A goal was scored by Colorado, but Nashville challenged it with video review, alleging goalie interference.
Goalie interference is hockey’s version of football’s pass interference. No two officials seem to have the same definition.
Fans, who think they know the rules, are often astounded when the calls go precisely opposite of what they might have expected, prompting utterances not fit to be heard on Mother’s Day.
Often, too, the obligatory rules experts that decorate broadcasts these days can’t agree with the calls that are made.
There was a delicious side note to Saturday’s Colorado-Nashville example because TNT’s rules expert was retired NHL referee Don Koharski.
For those who are not hockey fans, Koharski was at the center of one of the most memorable coach-ref incidents in the history of the NHL.
It happened after Game Three of the Eastern Conference finals in 1988 between New Jersey and Boston, a 6-1 Bruins win.
Jersey coach Jim Schoenfeld didn’t like the way Koharski had called the game and confronted him afterward as they left the ice.

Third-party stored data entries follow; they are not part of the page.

(* Let $3\le w<n$. If there exists a Steiner system $S(3,w,n)$ such that every $S(2,w-1,n-1)$ system derived from it is resolvable, then $q'_0(3,w,n)=\frac{n-2}{w-2}+1$.
   Context: $\mathbb{Z}_q=\{0,\dots,q-1\}$ (an alphabet); $\mathrm{wt}$ = number of nonzero coordinates; $d$ = Hamming distance; $J_q(n,w)$ = weight-$w$ words of $\mathbb{Z}_q^n$. An $(n,w,d)_q$ code of size $M$ is a subset $C\subseteq J_q(n,w)$ with $|C|=M$ and pairwise distances at least $d$. A Steiner system $S(t,k,n)$ is a pair $(N,B)$, $|N|=n$, $B$ a set of $k$-subsets (blocks) of $N$ with every $t$-subset of $N$ in exactly one block. For a point $p\in N$ (when $t\ge2$), the derived system is $(N\setminus\{p\},\{\beta\setminus\{p\}: p\in\beta\in B\})$, an $S(t-1,k-1,n-1)$. A Steiner system $S(t,k,n)$ is resolvable if its block set can be partitioned into classes each of which is a partition of $N$. For $t,k,n$ such that an $S(t,k,n)$ exists, $q'_0(t,k,n)$ is the smallest $q$ for which an $(n,k,2k-t+1)_q$ code of size $\binom{n}{t}/\binom{k}{t}$ exists. *)

theory Defs
  imports Complex_Main "HOL-Library.Disjoint_Sets"
begin

definition wt :: "nat list \<Rightarrow> nat" where
  "wt x = card {i. i < length x \<and> x ! i \<noteq> 0}"

definition hdist :: "nat list \<Rightarrow> nat list \<Rightarrow> nat" where
  "hdist x y = card {i. i < length x \<and> x ! i \<noteq> y ! i}"

definition Jq :: "nat \<Rightarrow> nat \<Rightarrow> nat \<Rightarrow> nat list set" where
  "Jq q n w = {x. length x = n \<and> set x \<subseteq> {0..<q} \<and> wt x = w}"

definition cw_code :: "nat \<Rightarrow> nat \<Rightarrow> nat \<Rightarrow> nat \<Rightarrow> nat \<Rightarrow> nat list set \<Rightarrow> bool" where
  "cw_code q n w d M C \<longleftrightarrow> C \<subseteq> Jq q n w \<and> card C = M \<and>
     (\<forall>x\<in>C. \<forall>y\<in>C. x \<noteq> y \<longrightarrow> hdist x y \<ge> d)"

definition steiner :: "nat \<Rightarrow> nat \<Rightarrow> nat \<Rightarrow> 'a set \<Rightarrow> 'a set set \<Rightarrow> bool" where
  "steiner t k n N B \<longleftrightarrow> finite N \<and> card N = n \<and>
     (\<forall>b\<in>B. b \<subseteq> N \<and> card b = k) \<and>
     (\<forall>T. T \<subseteq> N \<and> card T = t \<longrightarrow> (\<exists>!b. b \<in> B \<and> T \<subseteq> b))"

definition derived_blocks :: "'a set set \<Rightarrow> 'a \<Rightarrow> 'a set set" where
  "derived_blocks B p = {b - {p} | b. b \<in> B \<and> p \<in> b}"

definition resolvable :: "'a set \<Rightarrow> 'a set set \<Rightarrow> bool" where
  "resolvable N B \<longleftrightarrow> (\<exists>P. partition_on B P \<and> (\<forall>C\<in>P. partition_on N C))"

definition q0' :: "nat \<Rightarrow> nat \<Rightarrow> nat \<Rightarrow> nat" where
  "q0' t k n = (LEAST q. \<exists>C. cw_code q n k (2 * k - t + 1) ((n choose t) div (k choose t)) C)"

end

theory Submission
  imports Defs
begin

text \<open>Write \<open>\<lambda> = (n - 2) / (w - 2)\<close> for the number of blocks of an \<open>S(3,w,n)\<close> through two points.
  In a weight-\<open>w\<close> code of distance \<open>2w - 2\<close>, two supports share at most two coordinates, and
  if they share two the words differ on both. A code as large as an \<open>S(3,w,n)\<close> is therefore a
  Steiner system on its supports, and the \<open>\<lambda>\<close> codewords whose supports contain two fixed
  coordinates need \<open>\<lambda>\<close> distinct nonzero symbols there, so \<open>q \<ge> \<lambda> + 1\<close>. Conversely, label each
  point \<open>p\<close> of a block \<open>b\<close> by the parallel class of \<open>b - {p}\<close> in a resolution of the derived
  system at \<open>p\<close>: there are at most \<open>\<lambda>\<close> classes, and blocks meeting in \<open>{p, r}\<close> get different
  labels at \<open>p\<close> because \<open>b - {p}\<close> and \<open>b' - {p}\<close> meet in \<open>r\<close>.\<close>

lemma steiner_points:
  assumes "steiner t k n N B"
  shows "finite N" "card N = n"
  using assms unfolding steiner_def by simp_all

lemma steiner_block:
  assumes "steiner t k n N B" "b \<in> B"
  shows "b \<subseteq> N" "card b = k" "finite b"
proof -
  show "b \<subseteq> N" "card b = k" using assms unfolding steiner_def by simp_all
  then show "finite b" using steiner_points(1)[OF assms(1)] by (meson finite_subset)
qed

lemma steiner_finite_blocks:
  assumes "steiner t k n N B"
  shows "finite B"
proof -
  have "B \<subseteq> Pow N" using steiner_block(1)[OF assms] by blast
  then show ?thesis using steiner_points(1)[OF assms] by (meson finite_Pow_iff finite_subset)
qed

lemma steiner_block_unique:
  assumes "steiner t k n N B" "b \<in> B" "b' \<in> B" "T \<subseteq> b" "T \<subseteq> b'" "card T = t"
  shows "b = b'"
proof -
  have "T \<subseteq> N" using steiner_block(1)[OF assms(1,2)] assms(4) by blast
  then have "\<exists>!b. b \<in> B \<and> T \<subseteq> b" using assms(1,6) unfolding steiner_def by simp
  then show ?thesis using assms(2-5) by blast
qed

lemma steiner_covers:
  assumes "steiner t k n N B" "T \<subseteq> N" "card T = t"
  shows "\<exists>b\<in>B. T \<subseteq> b"
proof -
  have "\<exists>!b. b \<in> B \<and> T \<subseteq> b" using assms unfolding steiner_def by simp
  then show ?thesis by blast
qed

lemma steiner_card_Int_less:
  assumes "steiner t k n N B" "b \<in> B" "b' \<in> B" "b \<noteq> b'"
  shows "card (b \<inter> b') < t"
proof (rule ccontr)
  assume "\<not> card (b \<inter> b') < t"
  then obtain T where "T \<subseteq> b \<inter> b'" "card T = t" by (meson not_less obtain_subset_with_card_n)
  then show False using steiner_block_unique[OF assms(1-3)] assms(4) by blast
qed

According to various reports, Koharski caught his skate on the concrete corridor floor and stumbled, after which he accused Schoenfeld of shoving him.
A video of the incident (and how fitting that video would prove an apparent officiating error) seemed to back up Schoenfeld.

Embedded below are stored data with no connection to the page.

lemma regular_prob_rec:
  "real (I + S) * regular_prob (Suc I) S j
     = real I * (if j = 0 then 0 else regular_prob (I - 1) S (j - 1)) + real S * regular_prob I (S - 1) j"
proof (cases "j \<le> I")
  case True
  define E where "E = choice_product (I + S - 1) (I - j)"
  have "choice_product (Suc I + S) (Suc I - j) = real (I + S) * E"
    using True by (simp add: E_def Suc_diff_le choice_product_Suc)
  then have "real (I + S) * regular_prob (Suc I) S j = matching_count (Suc I) S j / E"
    by (cases "I + S = 0") (simp_all add: regular_prob_def matching_count_def[of "Suc 0"] flip: of_nat_add)
  moreover have "real I * (if j = 0 then 0 else regular_prob (I - 1) S (j - 1))
      = real I * (if j = 0 then 0 else matching_count (I - 1) S (j - 1)) / E"
    by (cases "I = 0") (auto simp: regular_prob_def E_def)
  moreover have "real S * regular_prob I (S - 1) j = real S * matching_count I (S - 1) j / E"
    by (cases "S = 0") (auto simp: regular_prob_def E_def)
  ultimately show ?thesis by (simp add: matching_count_rec add_divide_distrib)
next
  case False
  then show ?thesis by (auto simp: regular_prob_def matching_count_def)
qed

definition leftover_count :: "nat \<Rightarrow> nat \<Rightarrow> real" where
  "leftover_count S j = (\<Sum>i\<le>j. fact (S + j + i) / (2 ^ i * fact i))"

lemma sum_fact_div_telescope:
  "(\<Sum>i<n. (real a + 1 - real i) * (fact (a + i) / (2 ^ i * fact i)))
     = 2 * real n * (fact (a + n) / (2 ^ n * fact n) :: real)"
proof (induction n)
  case (Suc n)
  define u where "u = (fact (a + n) / (2 ^ n * fact n) :: real)"
  have "(fact (a + Suc n) / (2 ^ Suc n * fact (Suc n)) :: real) = (real a + 1 + real n) * u / (2 * (real n + 1))"
    by (simp add: u_def algebra_simps)
  moreover have "(\<Sum>i<Suc n. (real a + 1 - real i) * (fact (a + i) / (2 ^ i * fact i)))
      = 2 * real n * u + (real a + 1 - real n) * u"
    using Suc.IH unfolding u_def by simp
  ultimately show ?case by (simp add: field_simps)
qed simp

lemma leftover_count_Suc:
  "leftover_count S (Suc j) = real (S + 2 * Suc j) * leftover_count S j + real S * leftover_count (S - 1) (Suc j)"
proof -
  define u :: "nat \<Rightarrow> real" where "u i = fact (S + j + i) / (2 ^ i * fact i)" for i
  have "(\<Sum>i\<le>j. (real S + real j + 1 - real i) * u i) = 2 * real (Suc j) * u (Suc j)"
    using sum_fact_div_telescope[of "S + j" "Suc j"] by (simp add: u_def lessThan_Suc_atMost add.assoc)
  then have "(\<Sum>i\<le>Suc j. (real j + 1 + real i) * u i)
      = (\<Sum>i\<le>j. (real j + 1 + real i) * u i) + (\<Sum>i\<le>j. (real S + real j + 1 - real i) * u i)"
    by simp
  also have "\<dots> = (\<Sum>i\<le>j. real (S + 2 * Suc j) * u i)"
    by (simp add: sum.distrib[symmetric] algebra_simps)
  also have "\<dots> = real (S + 2 * Suc j) * leftover_count S j"
    by (simp add: leftover_count_def u_def sum_distrib_left)
  finally have main: "(\<Sum>i\<le>Suc j. (real j + 1 + real i) * u i) = real (S + 2 * Suc j) * leftover_count S j" .
  have "leftover_count S (Suc j) = (\<Sum>i\<le>Suc j. (real S + (real j + 1 + real i)) * u i)"
    unfolding leftover_count_def u_def by (intro sum.cong) (simp_all add: algebra_simps del: sum.atMost_Suc)
  also have "\<dots> = (\<Sum>i\<le>Suc j. (real j + 1 + real i) * u i) + real S * (\<Sum>i\<le>Suc j. u i)"
    by (simp only: distrib_right sum.distrib sum_distrib_left)
  also have "real S * (\<Sum>i\<le>Suc j. u i) = real S * leftover_count (S - 1) (Suc j)"
    by (cases S) (simp_all add: leftover_count_def u_def del: sum.atMost_Suc)
  finally show ?thesis unfolding main .
qed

But while Koharski threatened Schoenfield that he would not coach another (game), Schoenfeld shot back one of the most memorable retorts in the annals of hockey: “You fell you fat pig. Have another doughnut.”

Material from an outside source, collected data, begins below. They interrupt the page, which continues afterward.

lemma Theta_ab_index_card_counts:
  assumes "finite Q" and "down_closed Q" and "{} \<in> Q"
    and Boolean: "\<And>y. y \<in> Q \<Longrightarrow> 1 \<le> card y \<Longrightarrow> card y \<le> n \<Longrightarrow>
      Theta (ab_index (card y - 1) (Pow y) card) = qfact (card y)"
  shows "Theta (ab_index n Q card)
    = (\<Sum>j\<le>n. of_nat (card {y\<in>Q. card y = j}) * qfact j * q ^ j * qpoch (Suc j) n)"
proof -
  have "{y\<in>Q. card y = 0} = {{}}"
    using assms(3) finite_members_down_closed[OF assms(1,2)] by auto
  then have "(\<Sum>j\<le>n. of_nat (card {y\<in>Q. card y = j}) * qfact j * q ^ j * qpoch (Suc j) n)
      = qpoch 1 n + (\<Sum>j\<in>{1..n}. of_nat (card {y\<in>Q. card y = j}) * qfact j * q ^ j * qpoch (Suc j) n)"
    by (simp add: atMost_atLeast0 sum.atLeast_Suc_atMost qfact_def)
  also have "\<dots> = Theta (ab_index n Q card)"
  proof -
    have "(\<Sum>y\<in>{y\<in>Q. card y = j}. Theta (ab_index (j - 1) (Pow y) card))
        = of_nat (card {y\<in>Q. card y = j}) * qfact j" if "j \<in> {1..n}" for j
    proof -
      have "(\<Sum>y\<in>{y\<in>Q. card y = j}. Theta (ab_index (j - 1) (Pow y) card))
          = (\<Sum>y\<in>{y\<in>Q. card y = j}. qfact j)"
      proof (intro sum.cong refl)
        fix y assume "y \<in> {y\<in>Q. card y = j}"
        then show "Theta (ab_index (j - 1) (Pow y) card) = qfact j"
          using Boolean[of y] that by auto
      qed
      then show ?thesis by simp
    qed
    then show ?thesis
      unfolding Theta_ab_index_card_recursion[OF assms(1,2)]
      by (intro arg_cong2[where f = "(+)"] sum.cong refl) simp_all
  qed
  finally show ?thesis ..
qed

The NHL suspended Schoenfeld for at least one game without a hearing. New Jersey management got a court order to stay that and the regularly assigned officials refused to work Game Four, leaving that to a makeshift crew which included the manager of a New York skating rink.
New Jersey won what was considering a poorly officiated game, but Boston went on to win the series.
Schoenfeld eventually was suspended for Game 5, notably the reason given was “verbal abuse of an official” but not the alleged shove of Koharski.
Koharski, in his role as officiating guru on Saturday’s broadcast, was called upon to weigh in on a question of physical contact and Koharski was positive it would be ruled no goal due to a Colorado player contacting the Nashville goalie.
“I’d be shocked if they don’t (overturn the goal),” Koharski said.
Here’s the irony. This time Koharski was sure that a Nashville player had not shoved the Colorado player into the goalie, which would have negated any interference call.
But the league’s situation room saw it the other way, Later, a league statement read that contact by Nashville’s’ Mikael Granlund on Colorado’s Artturi Lehkonen had forced him into the goalie and therefore it was not goalie interference.
This time it was decided there had been a shove and Koharski had missed it, too.
Somewhere Schoenfeld must have been smiling, perhaps while eating a doughnut.